When I see a well dressed girl, i am impressed and usually she is an interesting person. It is not hard to be over attentive to the physical; what is hard is to attend to style in a manner which is very well done.  That's what people are impressed with or jealous of. that is what makes a person seem to have secret knowledge or talents. I think also it makes her a target, the fact that she is well dressed is an invitation to observer to vocally admire and to even get annoyed if the admirer is rebuffed.

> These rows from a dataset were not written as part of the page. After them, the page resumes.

(* ($I\Sigma_1$) Let $X\subseteq\mathbb{N}$ be finite, $\omega^{n+3}$-large and $\omega^3$-sparse, and let $c\in\mathbb{N}$ with $c\le\min X$. Then $X$ admits an $(\omega^n,c)$-grouping for $\min X$ colors.
   Context: $\alpha$-largeness for $\alpha<\omega^\omega$: writing ordinals in Cantor normal form, $0[m]=0$, $(\beta+1)[m]=\beta$, $(\beta+\omega^n)[m]=\beta+\omega^{n-1}\cdot m$ for $n\ge1$; a finite $\{x_0<\dots<x_{\ell-1}\}$ is $\alpha$-large if $\alpha[x_0]\cdots[x_{\ell-1}]=0$ (so for a natural number $c$, $c$-large means having at least $c$ elements). $X$ is \emph{$\alpha$-sparse} if $\min X>3$ and for all $x<y$ in $X$ the interval $[x,y)$ is $\alpha$-large. For $P:[X]^2\to\{0,\dots,\min X-1\}$, a finite sequence $\langle F_i\subseteq X:i<l\rangle$ is an \emph{$(\alpha,\beta)$-grouping for $P$} if $\max F_i<\min F_j$ for $i<j$, each $F_i$ is $\alpha$-large, $\{\max F_i:i<l\}$ is $\beta$-large, and $P(x,y)=P(x',y')$ whenever $i<j<l$, $x,x'\in F_i$, $y,y'\in F_j$. $X$ \emph{admits an $(\alpha,\beta)$-grouping for $k$ colors} if every $P:[X]^2\to\{0,\dots,k-1\}$ has one. *)

theory Defs
  imports Main
begin

text \<open>Ordinals below omega^omega in Cantor normal form:
  the list [e1,...,ek] (e1 \<ge> ... \<ge> ek) represents omega^e1 + ... + omega^ek;
  the empty list is 0.\<close>

type_synonym ord_cnf = "nat list"

definition cnf_ok :: "ord_cnf \<Rightarrow> bool" where
  "cnf_ok a \<longleftrightarrow> sorted_wrt (\<ge>) a"

definition om_pow :: "nat \<Rightarrow> ord_cnf" where
  "om_pow n = [n]"

definition ord_nat :: "nat \<Rightarrow> ord_cnf" where
  "ord_nat c = replicate c 0"

text \<open>Fundamental sequences: 0[m]=0, (b+1)[m]=b, (b+omega^(n+1))[m]=b+omega^n*m.\<close>

definition fund :: "ord_cnf \<Rightarrow> nat \<Rightarrow> ord_cnf" where
  "fund a m = (if a = [] then []
     else (case last a of 0 \<Rightarrow> butlast a | Suc n \<Rightarrow> butlast a @ replicate m n))"

definition large :: "ord_cnf \<Rightarrow> nat set \<Rightarrow> bool" where
  "large a X \<longleftrightarrow> finite X \<and> foldl fund a (sorted_list_of_set X) = []"

definition sparse :: "ord_cnf \<Rightarrow> nat set \<Rightarrow> bool" where
  "sparse a X \<longleftrightarrow> X \<noteq> {} \<and> Min X > 3 \<and>
     (\<forall>x\<in>X. \<forall>y\<in>X. x < y \<longrightarrow> large a {x..<y})"

definition grouping :: "ord_cnf \<Rightarrow> ord_cnf \<Rightarrow> (nat \<Rightarrow> nat \<Rightarrow> nat) \<Rightarrow> nat set
    \<Rightarrow> (nat \<Rightarrow> nat set) \<Rightarrow> nat \<Rightarrow> bool" where
  "grouping a b P X F l \<longleftrightarrow>
     (\<forall>i<l. F i \<subseteq> X \<and> large a (F i)) \<and>
     (\<forall>i<l. \<forall>j<l. i < j \<longrightarrow> Max (F i) < Min (F j)) \<and>
     large b ((\<lambda>i. Max (F i)) ` {..<l}) \<and>
     (\<forall>i<l. \<forall>j<l. i < j \<longrightarrow> (\<forall>x\<in>F i. \<forall>x'\<in>F i. \<forall>y\<in>F j. \<forall>y'\<in>F j.
         P x y = P x' y'))"

definition admits_grouping :: "ord_cnf \<Rightarrow> ord_cnf \<Rightarrow> nat \<Rightarrow> nat set \<Rightarrow> bool" where
  "admits_grouping a b k X \<longleftrightarrow>
     (\<forall>P. (\<forall>x\<in>X. \<forall>y\<in>X. x < y \<longrightarrow> P x y < k) \<longrightarrow> (\<exists>F l. grouping a b P X F l))"

end

theory Submission
  imports Defs "HOL-Library.Multiset" "HOL-Library.FuncSet"
begin

text \<open>Let \<open>k = Min X\<close>. Since \<open>X\<close> is \<open>\<omega>^(n+3)\<close>-large, \<open>X\<close> without its minimum is
  \<open>\<omega>^(n+2)\<cdot>k\<close>-large and therefore splits into \<open>c \<le> k\<close> consecutive \<open>\<omega>^(n+2)\<close>-large blocks
  \<open>E j\<close>. An \<open>\<omega>^3\<close>-large interval \<open>[v, u)\<close> has \<open>u > 2^2^(v+1) \<ge> v^v\<close>, so sparseness gives
  \<open>x^x < y\<close> for \<open>x < y\<close> in \<open>X\<close>, and every colouring met below uses fewer colours than the
  points it colours. This is what the pigeonhole principle for largeness needs: a set that is
  \<open>\<omega>^(e+1)\<close>-large and coloured with at most \<open>min\<close> many colours has an \<open>\<omega>^e\<close>-large colour
  class. Applied in \<open>E j\<close> to the colouring \<open>y \<mapsto> (P x y)\<close>, \<open>x \<in> X\<close> below \<open>E j\<close>, it gives an
  \<open>\<omega>^(n+1)\<close>-large \<open>G j \<subseteq> E j\<close> on which \<open>P x\<close> is constant for all such \<open>x\<close>; applied in \<open>G i\<close> to
  \<open>x \<mapsto> (P x (Min (G j)))\<close>, \<open>i < j < c\<close>, it gives an \<open>\<omega>^n\<close>-large \<open>F i \<subseteq> G i\<close>, and the \<open>F i\<close> form
  the grouping. The pigeonhole principle is proved for natural sums of ordinals, by induction
  on the set, with ordinals represented by the multisets of their Cantor normal form exponents.\<close>

subsection \<open>Largeness for multisets of exponents\<close>

text \<open>The ordinal \<open>\<omega>^e\<^sub>1 + \<dots> + \<omega>^e\<^sub>k\<close> is represented by the multiset of its exponents,
  on which fundamental sequences act through the least exponent.\<close>

definition mfund :: "nat multiset \<Rightarrow> nat \<Rightarrow> nat multiset" where
  "mfund M z = (if M = {#} then {#} else
     (M - {#Min_mset M#}) + (if Min_mset M = 0 then {#} else replicate_mset z (Min_mset M - 1)))"

text \<open>\<open>large_in M W\<close> says that \<open>W\<close> has an \<open>M\<close>-large subset (\<open>large_in_iff\<close>), built from its
  least element \<open>z\<close> upwards.\<close>

inductive large_in :: "nat multiset \<Rightarrow> nat set \<Rightarrow> bool" where
  empty: "large_in {#} W"
| step: "z \<in> W \<Longrightarrow> large_in (mfund M z) {w\<in>W. z < w} \<Longrightarrow> large_in M W"

lemma large_in_mono: "large_in M W \<Longrightarrow> W \<subseteq> W' \<Longrightarrow> large_in M W'"
proof (induction arbitrary: W' rule: large_in.induct)
  case (empty W)
  show ?case by (rule large_in.empty)
next
  case (step z W M)
  have "large_in (mfund M z) {w\<in>W'. z < w}"
    using step.prems by (intro step.IH) auto
  with step show ?case by (blast intro: large_in.step)
qed

lemma large_in_first:
  "large_in M W \<Longrightarrow> M \<noteq> {#} \<Longrightarrow> \<exists>z\<in>W. large_in (mfund M z) {w\<in>W. z < w}"
  by (auto elim: large_in.cases)

lemma large_in_nonempty: "large_in M W \<Longrightarrow> M \<noteq> {#} \<Longrightarrow> W \<noteq> {}"
  using large_in_first by blast

lemma mfund_nonempty:
  "M \<noteq> {#} \<Longrightarrow> mfund M z =
     (M - {#Min_mset M#}) + (if Min_mset M = 0 then {#} else replicate_mset z (Min_mset M - 1))"
  unfolding mfund_def by simp

lemma mfund_single_Suc [simp]: "mfund {#Suc e#} z = replicate_mset z e"
  unfolding mfund_def by simp

lemma mfund_replicate_0 [simp]: "mfund (replicate_mset (Suc k) 0) z = replicate_mset k 0"
  unfolding mfund_def by (simp add: Min_eqI)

One man's big question for me, the only time we were in a lone conversation, was how many suits I owned. Ask me if I give a damn how many of anything anyone owns? This particular man dresses so badly that you wouldn't even guess he spent a single thought about clothing. And yet, his one big question was how many suits did I own. People are unbelievable.


The USA is a bastion of incredible jealousy and keeping up with ones neighbors. Everyone wants their kids to get into the top 50 colleges and at the same time want you to tell them that their children's attendance at a crap school is "just as good".


The reward for being a sheep in any mass ideology which main purpose is to control people to serve the greater "good" rather than themselves is to allow the sheep to rend the occasional self serving wolf.